EXERCISE INSTRUCTIONS: When a line of the listing below has the string "subseteq" in it, copy that line.

DATA SUPPLIED Start Marker

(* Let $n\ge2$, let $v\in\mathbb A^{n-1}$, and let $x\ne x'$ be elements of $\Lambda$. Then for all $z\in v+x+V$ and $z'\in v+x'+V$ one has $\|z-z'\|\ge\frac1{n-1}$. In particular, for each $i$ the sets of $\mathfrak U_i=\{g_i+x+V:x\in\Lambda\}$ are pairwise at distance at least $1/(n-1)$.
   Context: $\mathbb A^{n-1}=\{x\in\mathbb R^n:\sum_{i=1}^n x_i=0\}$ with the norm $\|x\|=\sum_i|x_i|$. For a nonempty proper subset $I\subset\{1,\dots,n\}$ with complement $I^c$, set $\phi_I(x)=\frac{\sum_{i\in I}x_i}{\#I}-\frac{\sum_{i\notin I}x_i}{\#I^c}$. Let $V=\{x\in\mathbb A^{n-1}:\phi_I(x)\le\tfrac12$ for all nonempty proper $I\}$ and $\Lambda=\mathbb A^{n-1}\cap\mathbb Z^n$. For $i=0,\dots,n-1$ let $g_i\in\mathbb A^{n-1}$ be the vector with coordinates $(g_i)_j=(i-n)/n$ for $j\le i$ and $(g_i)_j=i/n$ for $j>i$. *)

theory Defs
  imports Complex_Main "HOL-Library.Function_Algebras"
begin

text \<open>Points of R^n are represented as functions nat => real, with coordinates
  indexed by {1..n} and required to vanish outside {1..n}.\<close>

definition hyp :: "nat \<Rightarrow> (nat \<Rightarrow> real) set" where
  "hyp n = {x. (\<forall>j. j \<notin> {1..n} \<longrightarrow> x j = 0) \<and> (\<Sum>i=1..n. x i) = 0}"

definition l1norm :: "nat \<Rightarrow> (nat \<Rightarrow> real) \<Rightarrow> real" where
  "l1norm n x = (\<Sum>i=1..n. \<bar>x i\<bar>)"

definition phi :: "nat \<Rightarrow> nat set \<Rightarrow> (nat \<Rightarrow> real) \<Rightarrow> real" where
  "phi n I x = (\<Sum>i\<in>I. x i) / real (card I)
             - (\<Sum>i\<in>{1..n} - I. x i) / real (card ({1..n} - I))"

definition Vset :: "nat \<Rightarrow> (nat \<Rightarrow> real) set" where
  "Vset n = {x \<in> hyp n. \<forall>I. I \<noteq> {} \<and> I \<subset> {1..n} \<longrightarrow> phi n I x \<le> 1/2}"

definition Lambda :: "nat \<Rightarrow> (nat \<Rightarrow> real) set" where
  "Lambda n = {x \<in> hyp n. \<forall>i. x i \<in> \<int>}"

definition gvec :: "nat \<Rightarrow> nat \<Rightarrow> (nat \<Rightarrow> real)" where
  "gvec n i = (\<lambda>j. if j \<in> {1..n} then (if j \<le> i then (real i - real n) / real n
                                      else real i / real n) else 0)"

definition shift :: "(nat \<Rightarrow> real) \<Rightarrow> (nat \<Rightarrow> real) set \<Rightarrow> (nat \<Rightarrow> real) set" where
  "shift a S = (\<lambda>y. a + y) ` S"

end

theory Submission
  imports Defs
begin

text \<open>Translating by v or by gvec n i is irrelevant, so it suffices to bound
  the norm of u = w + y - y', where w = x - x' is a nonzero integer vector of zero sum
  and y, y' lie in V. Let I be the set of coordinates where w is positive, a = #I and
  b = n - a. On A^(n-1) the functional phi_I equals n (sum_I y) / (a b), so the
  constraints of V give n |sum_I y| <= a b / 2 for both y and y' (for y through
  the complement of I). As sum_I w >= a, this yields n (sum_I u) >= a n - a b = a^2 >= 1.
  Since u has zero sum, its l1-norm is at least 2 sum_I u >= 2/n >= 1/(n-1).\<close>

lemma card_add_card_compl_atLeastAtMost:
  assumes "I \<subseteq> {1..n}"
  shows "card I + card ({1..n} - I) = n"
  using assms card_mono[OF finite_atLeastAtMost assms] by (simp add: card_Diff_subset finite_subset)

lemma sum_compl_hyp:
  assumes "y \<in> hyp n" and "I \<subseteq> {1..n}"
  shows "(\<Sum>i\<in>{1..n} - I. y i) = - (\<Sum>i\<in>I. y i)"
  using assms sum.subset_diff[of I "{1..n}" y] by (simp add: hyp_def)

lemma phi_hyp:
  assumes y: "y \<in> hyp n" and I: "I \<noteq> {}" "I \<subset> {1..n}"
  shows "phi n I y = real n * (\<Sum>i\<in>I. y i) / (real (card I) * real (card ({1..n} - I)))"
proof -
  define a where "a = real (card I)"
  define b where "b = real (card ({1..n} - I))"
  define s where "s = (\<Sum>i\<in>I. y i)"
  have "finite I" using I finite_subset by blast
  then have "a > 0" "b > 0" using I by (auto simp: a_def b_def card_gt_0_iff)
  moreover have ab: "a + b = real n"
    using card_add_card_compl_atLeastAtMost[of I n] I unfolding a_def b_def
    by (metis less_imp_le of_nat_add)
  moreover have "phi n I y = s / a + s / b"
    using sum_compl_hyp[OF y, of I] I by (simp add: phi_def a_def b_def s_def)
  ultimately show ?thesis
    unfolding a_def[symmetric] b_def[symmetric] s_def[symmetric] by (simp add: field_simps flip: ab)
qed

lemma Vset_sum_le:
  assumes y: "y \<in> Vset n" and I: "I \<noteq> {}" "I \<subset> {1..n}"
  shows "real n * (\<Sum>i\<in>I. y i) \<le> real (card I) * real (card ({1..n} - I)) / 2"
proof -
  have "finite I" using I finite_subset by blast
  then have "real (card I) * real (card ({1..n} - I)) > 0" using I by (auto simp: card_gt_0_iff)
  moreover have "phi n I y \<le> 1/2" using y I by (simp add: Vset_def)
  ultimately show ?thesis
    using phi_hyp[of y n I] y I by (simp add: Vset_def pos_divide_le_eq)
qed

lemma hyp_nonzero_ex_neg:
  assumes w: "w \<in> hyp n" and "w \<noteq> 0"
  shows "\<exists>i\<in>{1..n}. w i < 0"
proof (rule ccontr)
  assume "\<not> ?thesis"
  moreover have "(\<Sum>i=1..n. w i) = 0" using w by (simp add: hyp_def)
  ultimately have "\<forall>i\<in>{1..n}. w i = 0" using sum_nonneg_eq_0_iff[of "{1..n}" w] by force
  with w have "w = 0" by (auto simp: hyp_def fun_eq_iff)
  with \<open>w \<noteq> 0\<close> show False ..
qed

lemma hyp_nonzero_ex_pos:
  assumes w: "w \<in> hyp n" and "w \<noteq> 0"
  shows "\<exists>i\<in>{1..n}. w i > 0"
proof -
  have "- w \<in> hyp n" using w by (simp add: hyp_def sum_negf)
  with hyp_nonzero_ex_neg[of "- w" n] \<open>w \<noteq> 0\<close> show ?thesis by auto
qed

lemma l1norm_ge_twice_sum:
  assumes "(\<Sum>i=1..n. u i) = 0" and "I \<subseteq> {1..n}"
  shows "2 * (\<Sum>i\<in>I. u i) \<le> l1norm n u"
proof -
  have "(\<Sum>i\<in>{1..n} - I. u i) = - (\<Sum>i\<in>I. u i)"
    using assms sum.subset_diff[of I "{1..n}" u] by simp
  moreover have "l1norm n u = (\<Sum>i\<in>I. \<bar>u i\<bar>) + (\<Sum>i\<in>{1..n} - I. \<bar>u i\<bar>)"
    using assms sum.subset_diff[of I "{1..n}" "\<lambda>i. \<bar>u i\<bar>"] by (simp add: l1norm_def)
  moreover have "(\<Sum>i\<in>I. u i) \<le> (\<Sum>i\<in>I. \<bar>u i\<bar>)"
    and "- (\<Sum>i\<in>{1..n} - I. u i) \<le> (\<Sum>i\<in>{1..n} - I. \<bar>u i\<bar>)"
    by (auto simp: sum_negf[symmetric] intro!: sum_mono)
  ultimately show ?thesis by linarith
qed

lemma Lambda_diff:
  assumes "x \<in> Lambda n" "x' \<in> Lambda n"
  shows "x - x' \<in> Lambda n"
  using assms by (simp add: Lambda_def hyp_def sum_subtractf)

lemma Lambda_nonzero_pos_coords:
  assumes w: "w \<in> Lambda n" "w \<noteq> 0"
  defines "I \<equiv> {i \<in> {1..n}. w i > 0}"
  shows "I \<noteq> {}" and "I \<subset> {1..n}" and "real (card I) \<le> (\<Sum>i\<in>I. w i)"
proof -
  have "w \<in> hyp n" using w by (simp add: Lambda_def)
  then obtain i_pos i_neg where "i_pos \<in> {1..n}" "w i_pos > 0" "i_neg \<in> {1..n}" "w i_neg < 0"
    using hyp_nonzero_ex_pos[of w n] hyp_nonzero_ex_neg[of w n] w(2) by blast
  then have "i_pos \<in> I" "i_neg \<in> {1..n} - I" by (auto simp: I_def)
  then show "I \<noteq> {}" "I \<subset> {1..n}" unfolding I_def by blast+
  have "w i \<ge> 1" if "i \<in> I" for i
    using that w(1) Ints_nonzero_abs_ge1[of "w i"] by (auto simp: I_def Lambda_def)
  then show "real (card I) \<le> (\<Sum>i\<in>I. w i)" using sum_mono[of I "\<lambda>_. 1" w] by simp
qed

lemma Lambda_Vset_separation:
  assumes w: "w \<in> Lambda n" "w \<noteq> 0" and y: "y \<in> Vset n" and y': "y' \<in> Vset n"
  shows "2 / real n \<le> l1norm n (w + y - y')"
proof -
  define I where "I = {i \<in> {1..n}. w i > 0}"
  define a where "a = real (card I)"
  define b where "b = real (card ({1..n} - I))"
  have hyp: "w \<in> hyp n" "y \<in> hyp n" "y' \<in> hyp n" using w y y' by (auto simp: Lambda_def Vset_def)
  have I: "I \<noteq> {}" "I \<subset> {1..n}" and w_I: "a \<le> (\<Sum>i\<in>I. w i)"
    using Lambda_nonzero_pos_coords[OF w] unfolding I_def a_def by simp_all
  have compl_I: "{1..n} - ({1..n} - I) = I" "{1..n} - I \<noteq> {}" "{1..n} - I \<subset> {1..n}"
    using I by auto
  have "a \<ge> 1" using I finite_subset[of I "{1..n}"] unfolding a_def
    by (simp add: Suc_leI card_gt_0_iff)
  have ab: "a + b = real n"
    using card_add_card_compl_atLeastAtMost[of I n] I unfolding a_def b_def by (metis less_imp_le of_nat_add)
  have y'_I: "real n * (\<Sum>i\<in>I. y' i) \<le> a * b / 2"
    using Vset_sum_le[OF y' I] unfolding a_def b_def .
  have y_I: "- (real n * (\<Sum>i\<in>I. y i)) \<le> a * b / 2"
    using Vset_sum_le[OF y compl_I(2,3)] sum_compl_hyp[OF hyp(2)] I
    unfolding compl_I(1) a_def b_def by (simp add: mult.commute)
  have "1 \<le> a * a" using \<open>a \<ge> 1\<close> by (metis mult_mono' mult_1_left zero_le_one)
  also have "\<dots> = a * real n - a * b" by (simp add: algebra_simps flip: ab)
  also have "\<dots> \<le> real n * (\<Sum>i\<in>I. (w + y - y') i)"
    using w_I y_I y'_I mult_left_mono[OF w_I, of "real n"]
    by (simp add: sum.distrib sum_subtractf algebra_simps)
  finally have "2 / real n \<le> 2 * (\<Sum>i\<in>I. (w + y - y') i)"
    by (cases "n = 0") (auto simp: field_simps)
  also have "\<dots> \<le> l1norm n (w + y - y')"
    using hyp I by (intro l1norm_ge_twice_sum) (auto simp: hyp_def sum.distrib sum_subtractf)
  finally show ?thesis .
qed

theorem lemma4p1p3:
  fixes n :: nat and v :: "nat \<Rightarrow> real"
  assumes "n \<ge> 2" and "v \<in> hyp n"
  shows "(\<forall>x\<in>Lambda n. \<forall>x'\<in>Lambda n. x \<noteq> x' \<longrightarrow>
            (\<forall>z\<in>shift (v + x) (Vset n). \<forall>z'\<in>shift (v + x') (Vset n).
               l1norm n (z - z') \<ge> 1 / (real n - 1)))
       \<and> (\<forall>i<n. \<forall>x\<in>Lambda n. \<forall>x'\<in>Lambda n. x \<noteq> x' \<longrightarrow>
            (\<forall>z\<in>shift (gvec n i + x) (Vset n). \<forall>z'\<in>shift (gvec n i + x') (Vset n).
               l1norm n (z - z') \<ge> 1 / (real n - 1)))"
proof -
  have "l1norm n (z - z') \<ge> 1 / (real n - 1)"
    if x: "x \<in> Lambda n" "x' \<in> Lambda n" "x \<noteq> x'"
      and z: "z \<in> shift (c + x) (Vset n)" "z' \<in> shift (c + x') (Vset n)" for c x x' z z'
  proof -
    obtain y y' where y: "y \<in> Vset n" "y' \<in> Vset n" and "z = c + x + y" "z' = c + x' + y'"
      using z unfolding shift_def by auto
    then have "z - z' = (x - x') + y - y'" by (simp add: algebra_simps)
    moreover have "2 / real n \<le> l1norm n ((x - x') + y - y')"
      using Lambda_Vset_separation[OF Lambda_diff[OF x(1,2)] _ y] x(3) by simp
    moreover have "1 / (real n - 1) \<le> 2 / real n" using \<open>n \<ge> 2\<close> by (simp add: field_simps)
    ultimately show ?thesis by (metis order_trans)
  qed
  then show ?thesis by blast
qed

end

DATA SUPPLIED End Marker

RESPONSE BELOW:
  assumes "I \<subseteq> {1..n}"
  assumes "y \<in> hyp n" and "I \<subseteq> {1..n}"
  assumes "(\<Sum>i=1..n. u i) = 0" and "I \<subseteq> {1..n}"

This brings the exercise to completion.